Available data Block Start

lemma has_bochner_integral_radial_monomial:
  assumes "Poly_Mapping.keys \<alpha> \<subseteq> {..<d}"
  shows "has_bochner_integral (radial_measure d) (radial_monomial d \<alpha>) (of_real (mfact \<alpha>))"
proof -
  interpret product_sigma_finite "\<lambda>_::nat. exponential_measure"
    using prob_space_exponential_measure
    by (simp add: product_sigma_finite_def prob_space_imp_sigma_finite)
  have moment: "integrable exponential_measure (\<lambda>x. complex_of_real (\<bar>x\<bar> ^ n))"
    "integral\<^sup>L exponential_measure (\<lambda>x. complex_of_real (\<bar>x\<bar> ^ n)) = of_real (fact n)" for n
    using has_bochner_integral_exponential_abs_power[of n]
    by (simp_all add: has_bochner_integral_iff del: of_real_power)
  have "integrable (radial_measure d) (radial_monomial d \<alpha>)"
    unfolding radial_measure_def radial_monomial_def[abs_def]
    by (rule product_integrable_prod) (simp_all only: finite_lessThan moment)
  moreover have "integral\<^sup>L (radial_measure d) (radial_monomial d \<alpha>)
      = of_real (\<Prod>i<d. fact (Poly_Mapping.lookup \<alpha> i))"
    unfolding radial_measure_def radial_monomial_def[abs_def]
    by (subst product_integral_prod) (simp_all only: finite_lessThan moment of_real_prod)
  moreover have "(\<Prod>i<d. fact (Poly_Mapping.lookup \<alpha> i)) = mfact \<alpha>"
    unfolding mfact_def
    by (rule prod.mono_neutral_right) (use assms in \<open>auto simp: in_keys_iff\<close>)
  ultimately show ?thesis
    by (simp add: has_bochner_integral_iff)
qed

Available data Block End

Instructions to follow - Nothing but the lines from the one containing "by (simp add: product_sigma_finite_def" to the end of the material should be printed, each exactly as written.

Output of the task -
    by (simp add: product_sigma_finite_def prob_space_imp_sigma_finite)
  have moment: "integrable exponential_measure (\<lambda>x. complex_of_real (\<bar>x\<bar> ^ n))"
    "integral\<^sup>L exponential_measure (\<lambda>x. complex_of_real (\<bar>x\<bar> ^ n)) = of_real (fact n)" for n
    using has_bochner_integral_exponential_abs_power[of n]
    by (simp_all add: has_bochner_integral_iff del: of_real_power)
  have "integrable (radial_measure d) (radial_monomial d \<alpha>)"
    unfolding radial_measure_def radial_monomial_def[abs_def]
    by (rule product_integrable_prod) (simp_all only: finite_lessThan moment)
  moreover have "integral\<^sup>L (radial_measure d) (radial_monomial d \<alpha>)
      = of_real (\<Prod>i<d. fact (Poly_Mapping.lookup \<alpha> i))"
    unfolding radial_measure_def radial_monomial_def[abs_def]
    by (subst product_integral_prod) (simp_all only: finite_lessThan moment of_real_prod)
  moreover have "(\<Prod>i<d. fact (Poly_Mapping.lookup \<alpha> i)) = mfact \<alpha>"
    unfolding mfact_def
    by (rule prod.mono_neutral_right) (use assms in \<open>auto simp: in_keys_iff\<close>)
  ultimately show ?thesis
    by (simp add: has_bochner_integral_iff)
qed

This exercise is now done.